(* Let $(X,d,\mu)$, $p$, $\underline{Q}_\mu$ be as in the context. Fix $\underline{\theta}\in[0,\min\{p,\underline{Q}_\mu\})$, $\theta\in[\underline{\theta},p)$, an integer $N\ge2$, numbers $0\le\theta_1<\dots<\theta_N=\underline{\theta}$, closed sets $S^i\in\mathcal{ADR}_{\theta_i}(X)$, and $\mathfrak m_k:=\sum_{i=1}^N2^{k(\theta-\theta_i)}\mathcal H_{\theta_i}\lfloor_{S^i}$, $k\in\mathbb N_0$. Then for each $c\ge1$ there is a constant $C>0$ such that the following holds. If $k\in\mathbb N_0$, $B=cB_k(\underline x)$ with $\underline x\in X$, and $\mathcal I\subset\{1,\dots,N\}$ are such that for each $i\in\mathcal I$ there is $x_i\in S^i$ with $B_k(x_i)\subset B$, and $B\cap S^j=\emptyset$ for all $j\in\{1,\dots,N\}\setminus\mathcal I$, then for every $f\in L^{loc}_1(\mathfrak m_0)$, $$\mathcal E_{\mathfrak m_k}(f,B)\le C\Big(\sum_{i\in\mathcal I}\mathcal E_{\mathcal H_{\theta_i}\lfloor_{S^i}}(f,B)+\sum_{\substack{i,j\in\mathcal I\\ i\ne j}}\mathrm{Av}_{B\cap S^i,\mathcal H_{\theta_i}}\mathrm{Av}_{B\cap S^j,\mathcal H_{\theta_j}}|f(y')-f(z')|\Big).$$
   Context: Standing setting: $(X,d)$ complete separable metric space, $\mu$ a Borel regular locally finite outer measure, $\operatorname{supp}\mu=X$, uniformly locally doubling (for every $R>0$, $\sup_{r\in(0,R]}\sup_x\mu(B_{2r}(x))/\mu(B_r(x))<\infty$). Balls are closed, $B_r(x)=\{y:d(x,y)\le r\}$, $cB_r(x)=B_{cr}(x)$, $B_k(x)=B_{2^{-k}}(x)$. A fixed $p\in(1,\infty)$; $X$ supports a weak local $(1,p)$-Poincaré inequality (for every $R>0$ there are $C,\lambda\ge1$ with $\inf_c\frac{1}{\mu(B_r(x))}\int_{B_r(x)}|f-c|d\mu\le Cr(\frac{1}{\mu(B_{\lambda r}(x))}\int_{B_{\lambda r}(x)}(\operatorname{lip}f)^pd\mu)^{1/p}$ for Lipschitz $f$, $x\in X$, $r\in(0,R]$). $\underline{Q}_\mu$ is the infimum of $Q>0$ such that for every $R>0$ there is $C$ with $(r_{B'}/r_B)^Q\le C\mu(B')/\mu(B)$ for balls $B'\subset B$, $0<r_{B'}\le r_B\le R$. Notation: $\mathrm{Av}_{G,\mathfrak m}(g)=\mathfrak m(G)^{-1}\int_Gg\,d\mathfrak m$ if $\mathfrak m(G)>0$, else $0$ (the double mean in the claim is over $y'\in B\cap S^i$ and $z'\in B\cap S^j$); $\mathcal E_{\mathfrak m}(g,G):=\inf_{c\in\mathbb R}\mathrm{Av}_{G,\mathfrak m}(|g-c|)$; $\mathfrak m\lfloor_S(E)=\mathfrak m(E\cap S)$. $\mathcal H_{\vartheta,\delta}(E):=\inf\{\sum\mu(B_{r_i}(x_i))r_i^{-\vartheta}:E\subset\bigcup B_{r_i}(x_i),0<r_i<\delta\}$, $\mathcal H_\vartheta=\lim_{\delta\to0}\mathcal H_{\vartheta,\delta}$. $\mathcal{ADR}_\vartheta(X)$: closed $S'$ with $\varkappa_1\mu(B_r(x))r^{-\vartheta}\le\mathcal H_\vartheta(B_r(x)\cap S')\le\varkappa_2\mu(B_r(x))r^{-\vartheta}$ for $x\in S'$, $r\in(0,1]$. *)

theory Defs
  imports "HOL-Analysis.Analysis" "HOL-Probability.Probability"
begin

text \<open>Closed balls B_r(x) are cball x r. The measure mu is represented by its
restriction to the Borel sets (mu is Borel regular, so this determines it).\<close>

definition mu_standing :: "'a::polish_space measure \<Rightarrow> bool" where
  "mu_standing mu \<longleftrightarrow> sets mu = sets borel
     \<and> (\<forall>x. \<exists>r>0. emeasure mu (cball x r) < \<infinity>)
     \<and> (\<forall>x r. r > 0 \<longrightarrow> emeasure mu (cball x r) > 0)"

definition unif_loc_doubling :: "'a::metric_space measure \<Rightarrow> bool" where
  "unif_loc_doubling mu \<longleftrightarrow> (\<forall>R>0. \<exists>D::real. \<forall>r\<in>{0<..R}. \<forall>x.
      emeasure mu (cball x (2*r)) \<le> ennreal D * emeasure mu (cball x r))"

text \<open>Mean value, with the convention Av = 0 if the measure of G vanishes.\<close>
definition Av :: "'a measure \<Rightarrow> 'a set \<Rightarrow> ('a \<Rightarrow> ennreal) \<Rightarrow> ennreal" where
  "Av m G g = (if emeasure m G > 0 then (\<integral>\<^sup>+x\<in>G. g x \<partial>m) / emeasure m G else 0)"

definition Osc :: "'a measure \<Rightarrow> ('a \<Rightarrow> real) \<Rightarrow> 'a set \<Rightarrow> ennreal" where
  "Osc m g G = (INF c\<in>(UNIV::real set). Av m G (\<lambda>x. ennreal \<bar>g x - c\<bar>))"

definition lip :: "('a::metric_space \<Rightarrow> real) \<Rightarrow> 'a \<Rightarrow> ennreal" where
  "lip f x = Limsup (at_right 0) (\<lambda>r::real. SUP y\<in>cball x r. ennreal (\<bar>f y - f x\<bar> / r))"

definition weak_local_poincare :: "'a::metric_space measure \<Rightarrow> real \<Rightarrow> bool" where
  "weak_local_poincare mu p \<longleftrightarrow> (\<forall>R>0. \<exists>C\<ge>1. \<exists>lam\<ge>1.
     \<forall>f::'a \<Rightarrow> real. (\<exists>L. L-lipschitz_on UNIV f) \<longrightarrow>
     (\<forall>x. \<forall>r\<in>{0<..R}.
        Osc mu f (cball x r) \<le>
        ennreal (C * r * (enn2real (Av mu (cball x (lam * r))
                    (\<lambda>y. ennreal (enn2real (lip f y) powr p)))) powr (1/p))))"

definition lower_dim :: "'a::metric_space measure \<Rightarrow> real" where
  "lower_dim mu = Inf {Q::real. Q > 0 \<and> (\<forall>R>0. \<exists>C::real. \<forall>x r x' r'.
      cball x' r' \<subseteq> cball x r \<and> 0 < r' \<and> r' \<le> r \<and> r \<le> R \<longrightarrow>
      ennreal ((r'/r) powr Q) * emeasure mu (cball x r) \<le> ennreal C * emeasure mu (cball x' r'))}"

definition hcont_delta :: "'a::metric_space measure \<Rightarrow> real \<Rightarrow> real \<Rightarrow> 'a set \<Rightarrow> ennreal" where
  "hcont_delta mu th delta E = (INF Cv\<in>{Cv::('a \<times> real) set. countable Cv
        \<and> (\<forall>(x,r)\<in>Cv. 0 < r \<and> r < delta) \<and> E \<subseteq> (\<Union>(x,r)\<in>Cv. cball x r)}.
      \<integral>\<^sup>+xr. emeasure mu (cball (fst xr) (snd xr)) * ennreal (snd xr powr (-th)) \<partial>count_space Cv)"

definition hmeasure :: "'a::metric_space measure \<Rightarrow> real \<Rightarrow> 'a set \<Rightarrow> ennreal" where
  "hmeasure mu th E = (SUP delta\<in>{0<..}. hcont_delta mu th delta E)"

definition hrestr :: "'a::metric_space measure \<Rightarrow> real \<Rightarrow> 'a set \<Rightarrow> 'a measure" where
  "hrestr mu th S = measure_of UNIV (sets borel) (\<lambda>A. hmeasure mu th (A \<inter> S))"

- [Task to complete]
Count the lines in the preceding entries that contain the string "UNIV", and state only the resulting number.

- [Output for this exercise]
3